The shot cracks through the air. My finger squeezed the trigger, and I didn't even feel it.

The figure drops hard into the snow.

My boots break through drifts, snow flying up around my knees. My breath tears from my lungs in white bursts. Fifteen yards. Ten.

Get to him before he gets up. Before he moves. Before—

The shape doesn't move.

Five yards now, and I can see the sprawl of limbs, the dark stain spreading across white.

My brain catches up too slow. Eyes processing what doesn’t make sense.

Antlers.

Attached to a bull elk twisted on its side. Steam rises from the bullet wound in its neck. Dark eyes, wide and vacant, tongue lolling.

Not a man.

I stand there, weapon still raised, snow falling on my shoulders.

The elk was browsing, moving tree to tree, and through the blizzard it looked—

I lower my weapon. Every breath feels like a jagged tear, my lungs burning as if the air itself is too thin to hold.

I fired without confirming my target. Without proper identification. Training I've had drilled into my skull for over two decades, and I threw it away in half a second.

Because I thought he was here. Thought he'd found her.

The tightness in my chest doesn't ease. If anything, it gets worse.

I holster my weapon with hands that won't stop trembling. The cold has nothing to do with it.

I've taken shots in combat. Made split-second decisions that meant life or death. Never lost sleep over any of them because they were clean. Justified. By the book.

This wasn't.

I look back toward the cabin. I can barely see it through the snow, just the dark outline of the structure and the faint glow of firelight in the window.

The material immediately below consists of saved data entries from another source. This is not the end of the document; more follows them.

(* Let $n\geq1$. The set $$\mathcal{H}_{n+1}=\Big\{h\neq0:\ h \text{ is a homogeneous harmonic polynomial on }\mathbb{R}^{n+1},\ h\text{ is }(n+2)\text{-symmetric},\ \int_{B_1}h(y)\,dy=0\Big\}$$ is nonempty, and the least degree of a polynomial $h\in\mathcal{H}_{n+1}$ equals $3$.
   Context: Fix $n+2$ points $q_1,\dots,q_{n+2}\in\mathbb{S}^n\subset\mathbb{R}^{n+1}$ spread evenly on $\mathbb{S}^n$ (vertices of an inscribed regular simplex). $\mathcal{S}_{n+2}(q)$ is the set of rotations $\phi\in SO(n+1)$ mapping $\{q_1,\dots,q_{n+2}\}$ onto itself; a function $h$ on $\mathbb{R}^{n+1}$ is $(n+2)$-symmetric if $h(\phi(y))=h(y)$ for all $y$ and all $\phi\in\mathcal{S}_{n+2}(q)$. $B_1$ is the unit ball of $\mathbb{R}^{n+1}$. *)

theory Defs
  imports "HOL-Analysis.Analysis"
begin

text \<open>Ambient space R^(n+1) is modelled as real^'n with CARD('n) = n+1.\<close>

definition hom_poly :: "nat \<Rightarrow> (real^'n \<Rightarrow> real) \<Rightarrow> bool" where
  "hom_poly d h \<longleftrightarrow> (\<exists>c :: ('n \<Rightarrow> nat) \<Rightarrow> real. \<forall>x.
      h x = (\<Sum>\<alpha>\<in>{\<alpha>. sum \<alpha> UNIV = d}. c \<alpha> * (\<Prod>i\<in>UNIV. (x $ i) ^ (\<alpha> i))))"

She's in there. Safe. Warm.

And I just killed an animal because for half a second, I thought someone was coming for her.

I run a hand over my face, snow melting against my skin. My heart rate's finally starting to slow, but the adrenaline dump leaves me shaky.

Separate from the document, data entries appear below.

lemma wnorm_bounds:
  fixes u :: "real \<Rightarrow> real^'n::finite"
  assumes le: "\<And>\<xi> i. \<bar>u \<xi> $ i\<bar> * exp (- \<rho> * \<xi>) \<le> e"
  shows "0 \<le> wnorm \<rho> u" and "wnorm \<rho> u \<le> real CARD('n) * e"
proof -
  have bdd: "bdd_above (range (\<lambda>\<xi>. \<bar>u \<xi> $ i\<bar> * exp (- \<rho> * \<xi>)))" for i
    by (rule bdd_aboveI2[OF le])
  have "0 \<le> (SUP \<xi>. \<bar>u \<xi> $ i\<bar> * exp (- \<rho> * \<xi>))" for i
    by (rule cSUP_upper2[OF bdd, where x=0]) auto
  then show "0 \<le> wnorm \<rho> u"
    unfolding wnorm_def by (intro sum_nonneg) auto
  have "(SUP \<xi>. \<bar>u \<xi> $ i\<bar> * exp (- \<rho> * \<xi>)) \<le> e" for i
    using le by (intro cSUP_least) auto
  then show "wnorm \<rho> u \<le> real CARD('n) * e"
    unfolding wnorm_def using sum_bounded_above[of "UNIV :: 'n set" _ e] by simp
qed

I force myself to move away from the elk, to keep checking the tree line. My legs are heavy, like I'm wading through water instead of snow.

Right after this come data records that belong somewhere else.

text \<open>The kernel length: \<open>m = \<lfloor>R\<rfloor>\<close> if that keeps \<open>(m + 1) w\<close> small,
  otherwise \<open>m + 1 = \<lceil>1 / (4 w)\<rceil>\<close>.\<close>
lemma obtain_kernel_length:
  fixes w R :: real
  assumes "0 \<le> w" "w < 1/8" "1 \<le> R"
  obtains m :: nat where "m \<le> nat \<lfloor>R\<rfloor>" "(real m + 1) * w \<le> 3/8"
    "1 / ((1 - 5/3 * ((real m + 1) * w)\<^sup>2)\<^sup>2 * (real m + 1)) \<le> 8 * w + 1 / R"
proof (cases "(real (nat \<lfloor>R\<rfloor>) + 1) * w \<le> 3/8")
  case True
  have "R \<le> real (nat \<lfloor>R\<rfloor>) + 1"
    using assms(3) by linarith
  moreover have "0 < (real (nat \<lfloor>R\<rfloor>) + 1) * R"
    using assms(3) by (intro mult_pos_pos) linarith+
  ultimately have "1 / (real (nat \<lfloor>R\<rfloor>) + 1) \<le> 1 / R"
    by (intro divide_left_mono) auto
  then show ?thesis
    using that[of "nat \<lfloor>R\<rfloor>"] inverse_kernel_weight_le[OF assms(1) True] True by auto
next
  case False
  then have "0 < w" using assms(1) by (cases "w = 0") auto
  define q where "q = \<lceil>1 / (4 * w)\<rceil>"
  have q: "1 / (4 * w) \<le> of_int q" "of_int q < 1 / (4 * w) + 1"
    unfolding q_def by linarith+
  have "0 < 1 / (4 * w)" using \<open>0 < w\<close> by simp
  then have "1 \<le> q" using q(1) by linarith
  define m where "m = nat q - 1"
  have mq: "real m + 1 = of_int q"
    unfolding m_def using \<open>1 \<le> q\<close> by (simp add: of_nat_diff)
  have "1 / (4 * w) < real (nat \<lfloor>R\<rfloor>) + 1"
    using False \<open>0 < w\<close> by (simp add: field_simps)
  then have "q \<le> int (nat \<lfloor>R\<rfloor>) + 1"
    using assms(3) unfolding q_def by (simp add: ceiling_le_iff)
  then have "m \<le> nat \<lfloor>R\<rfloor>"
    unfolding m_def by linarith
  have "w * of_int q < w * (1 / (4 * w) + 1)"
    by (rule mult_strict_left_mono[OF q(2) \<open>0 < w\<close>])
  also have "\<dots> = 1/4 + w"
    using \<open>0 < w\<close> by (simp add: field_simps)
  finally have short: "(real m + 1) * w \<le> 3/8"
    using assms(2) unfolding mq by (simp add: mult.commute)
  moreover have "1 \<le> 4 * w * (real m + 1)"
    using q(1) \<open>0 < w\<close> unfolding mq by (simp add: field_simps)
  ultimately have "1 / ((1 - 5/3 * ((real m + 1) * w)\<^sup>2)\<^sup>2 * (real m + 1)) \<le> 8 * w"
    by (rule inverse_kernel_weight_le_of_long[OF assms(1)])
  moreover have "0 \<le> 1 / R"
    using assms(3) by simp
  ultimately show ?thesis
    using that[OF \<open>m \<le> nat \<lfloor>R\<rfloor>\<close> short] by linarith
qed

lemma card_near_integers_le:
  assumes "finite A" "0 \<le> w" "1 \<le> R"
  shows "real (card (near_integers A x w))
     \<le> 8 * w * real (card A) + real (card A) / R
       + (\<Sum>k\<in>{1..nat \<lfloor>R\<rfloor>}. norm (exp_sum A x (real k)) / real k)"
proof -
  have tail: "0 \<le> (\<Sum>k\<in>{1..nat \<lfloor>R\<rfloor>}. norm (exp_sum A x (real k)) / real k)"
    by (intro sum_nonneg) auto
  have "0 \<le> real (card A) / R" using assms(3) by simp
  show ?thesis
  proof (cases "1/8 \<le> w")
    case True
    have "real (card (near_integers A x w)) \<le> real (card A)"
      using assms(1) by (intro of_nat_mono card_mono) (auto simp: near_integers_def)
    also have "\<dots> \<le> 8 * w * real (card A)"
      using True mult_right_mono[of 1 "8 * w" "real (card A)"] by simp
    finally show ?thesis
      using tail \<open>0 \<le> real (card A) / R\<close> by linarith
  next
    case False
    then obtain m where m: "m \<le> nat \<lfloor>R\<rfloor>" "(real m + 1) * w \<le> 3/8"
      "1 / ((1 - 5/3 * ((real m + 1) * w)\<^sup>2)\<^sup>2 * (real m + 1)) \<le> 8 * w + 1 / R"
      using obtain_kernel_length assms(2,3) by (metis not_le)
    have "real (card (near_integers A x w))
      \<le> real (card A) * (1 / ((1 - 5/3 * ((real m + 1) * w)\<^sup>2)\<^sup>2 * (real m + 1)))
        + (\<Sum>k\<in>{1..m}. norm (exp_sum A x (real k)) / real k)"
      using card_near_integers_le_kernel[OF assms(1) order_refl _ m(2)] assms(2) by simp
    also have "\<dots> \<le> real (card A) * (8 * w + 1 / R)
        + (\<Sum>k\<in>{1..nat \<lfloor>R\<rfloor>}. norm (exp_sum A x (real k)) / real k)"
      using m by (intro add_mono mult_left_mono sum_mono2) auto
    finally show ?thesis
      by (simp add: algebra_simps)
  qed
qed

lemma floor_add_neq_near_integer:
  fixes y h Hm Hp :: real
  assumes "Hm \<le> h" "h \<le> Hp" "Hm \<le> 0" "0 \<le> Hp" "\<lfloor>y + h\<rfloor> \<noteq> \<lfloor>y\<rfloor>"
  shows "\<exists>z::int. \<bar>y + (Hp + Hm) / 2 - of_int z\<bar> \<le> (Hp - Hm) / 2"
proof -
  have "\<exists>z::int. Hm \<le> of_int z - y \<and> of_int z - y \<le> Hp"
  proof (cases "0 < h")
    case True
    then have "\<lfloor>y\<rfloor> < \<lfloor>y + h\<rfloor>"
      using assms(5) floor_mono[of y "y + h"] by linarith
    then have "y < of_int \<lfloor>y + h\<rfloor>"
      by (simp add: floor_less_iff)
    then show ?thesis
      using assms by (intro exI[of _ "\<lfloor>y + h\<rfloor>"]) (auto, linarith)
  next
    case False
    then have "\<lfloor>y + h\<rfloor> < \<lfloor>y\<rfloor>"
      using assms(5) floor_mono[of "y + h" y] by linarith
    then have "y + h < of_int \<lfloor>y\<rfloor>"
      by (simp add: floor_less_iff)
    then show ?thesis
      using assms by (intro exI[of _ "\<lfloor>y\<rfloor>"]) (auto, linarith)
  qed
  then obtain z :: int where "Hm \<le> of_int z - y" "of_int z - y \<le> Hp"
    by blast
  then have "\<bar>y + (Hp + Hm) / 2 - of_int z\<bar> \<le> (Hp - Hm) / 2"
    unfolding abs_le_iff by (auto simp: field_simps)
  then show ?thesis ..
qed

lemma card_floor_mismatch_le:
  fixes A :: "int set" and h :: "int \<Rightarrow> real" and \<alpha> \<beta> :: real
  assumes "finite A" and h: "\<And>n. n \<in> A \<Longrightarrow> Hm \<le> h n \<and> h n \<le> Hp"
    and "Hm \<le> 0" "0 \<le> Hp" "1 \<le> R"
  shows "real (card {n\<in>A. \<lfloor>of_int n * \<alpha> + \<beta> + h n\<rfloor> \<noteq> \<lfloor>of_int n * \<alpha> + \<beta>\<rfloor>})
    \<le> 4 * (Hp - Hm) * real (card A) + real (card A) / R
      + (\<Sum>r\<in>{1..\<lfloor>R\<rfloor>}. (1 / of_int r) * cmod (\<Sum>n\<in>A. e (of_int n * of_int r * \<alpha>)))"
proof -
  define x where "x n = of_int n * \<alpha> + \<beta> + (Hp + Hm) / 2" for n :: int
  define T where "T r = (1 / of_int r) * cmod (\<Sum>n\<in>A. e (of_int n * of_int r * \<alpha>))" for r :: int
  have "{n\<in>A. \<lfloor>of_int n * \<alpha> + \<beta> + h n\<rfloor> \<noteq> \<lfloor>of_int n * \<alpha> + \<beta>\<rfloor>} \<subseteq> near_integers A x ((Hp - Hm) / 2)"
    using floor_add_neq_near_integer[OF _ _ assms(3,4)] h unfolding near_integers_def x_def by blast
  then have "real (card {n\<in>A. \<lfloor>of_int n * \<alpha> + \<beta> + h n\<rfloor> \<noteq> \<lfloor>of_int n * \<alpha> + \<beta>\<rfloor>})
      \<le> real (card (near_integers A x ((Hp - Hm) / 2)))"
    using assms(1) by (intro of_nat_mono card_mono finite_near_integers)
  also have "\<dots> \<le> 8 * ((Hp - Hm) / 2) * real (card A) + real (card A) / R
      + (\<Sum>k\<in>{1..nat \<lfloor>R\<rfloor>}. norm (exp_sum A x (real k)) / real k)"
    using assms by (intro card_near_integers_le) auto
  also have "8 * ((Hp - Hm) / 2) = 4 * (Hp - Hm)"
    by simp
  also have "(\<Sum>k\<in>{1..nat \<lfloor>R\<rfloor>}. norm (exp_sum A x (real k)) / real k) = (\<Sum>k\<in>{1..nat \<lfloor>R\<rfloor>}. T (int k))"
  proof (intro sum.cong refl)
    fix k :: nat
    have "exp_sum A x (real k) = (\<Sum>n\<in>A. e (of_int n * of_int (int k) * \<alpha>)) * e (real k * (\<beta> + (Hp + Hm) / 2))"
      unfolding exp_sum_def sum_distrib_right
      by (intro sum.cong refl) (simp add: e_add[symmetric] x_def algebra_simps)
    then show "norm (exp_sum A x (real k)) / real k = T (int k)"
      unfolding T_def by (simp add: norm_mult)
  qed
  also have "\<dots> = (\<Sum>r\<in>{1..\<lfloor>R\<rfloor>}. T r)"
  proof -
    have "{1..\<lfloor>R\<rfloor>} = int ` {1..nat \<lfloor>R\<rfloor>}"
      using assms(5) by (simp add: image_int_atLeastAtMost)
    then show ?thesis
      by (simp add: sum.reindex)
  qed
  finally show ?thesis
    unfolding T_def .
qed

lemma abs_diff_le_of_deriv_bound:
  fixes F F' \<phi> \<phi>' :: "real \<Rightarrow> real"
  assumes "s \<le> t"
    and F: "\<And>u. u \<in> {s..t} \<Longrightarrow> (F has_real_derivative F' u) (at u within {s..t})"
    and \<phi>: "\<And>u. (\<phi> has_real_derivative \<phi>' u) (at u)"
    and bound: "\<And>u. u \<in> {s..t} \<Longrightarrow> \<bar>F' u\<bar> \<le> \<phi>' u"
  shows "\<bar>F t - F s\<bar> \<le> \<phi> t - \<phi> s"
proof (cases "s = t")
  case False
  with assms(1) have "s < t" by simp
  have "continuous_on {s..t} F"
    using F by (meson DERIV_continuous continuous_on_eq_continuous_within)
  moreover have "continuous_on {s..t} \<phi>"
    using \<phi> by (meson DERIV_isCont continuous_at_imp_continuous_on)
  moreover have "(F has_vector_derivative F' u) (at u)" if "s < u" "u < t" for u
    using F[of u] that at_within_Icc_at[OF that]
    by (simp add: has_real_derivative_iff_has_vector_derivative)
  moreover have "(\<phi> has_vector_derivative \<phi>' u) (at u)" for u
    using \<phi> by (simp add: has_real_derivative_iff_has_vector_derivative)
  ultimately show ?thesis
    using differentiable_bound_general[OF \<open>s < t\<close>, of F \<phi> F' \<phi>'] bound by simp
qed simp

lemma abs_diff_le_of_deriv_le_right:
  fixes F F' :: "real \<Rightarrow> real"
  assumes "x \<le> y"
    and "\<And>u. u \<in> {x..y} \<Longrightarrow> (F has_real_derivative F' u) (at u within {x..y})"
    and "\<And>u. u \<in> {x..y} \<Longrightarrow> \<bar>F' u\<bar> \<le> M * (u - c)"
  shows "\<bar>F y - F x\<bar> \<le> M * (y - c)\<^sup>2 / 2 - M * (x - c)\<^sup>2 / 2"
  using assms by (intro abs_diff_le_of_deriv_bound[where \<phi>' = "\<lambda>u. M * (u - c)"])
    (auto intro!: derivative_eq_intros)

Numb, I scan the woods in sections, methodically, trying to fall back into the rhythm of proper procedure.

Nothing moves except the trees and the falling snow.

I complete the circuit in another ten minutes, though it feels longer. Every shadow makes my pulse jump. Every sound pulls my hand toward my weapon.

By the time I circle back to the cabin, my face feels like raw meat from the wind.

I pause at the porch steps, looking back one more time at the tree line. The elk's already disappearing under fresh snow. In an hour, there'll be nothing but a dark lump. By morning, it'll be buried completely.

Like it never happened.

I climb the steps and reach for the door handle, then stop. My hand hovers there for a moment.

She's going to ask what the shot was. She's going to see it in my face.

And I'm going to have to tell her why she can’t trust me anymore.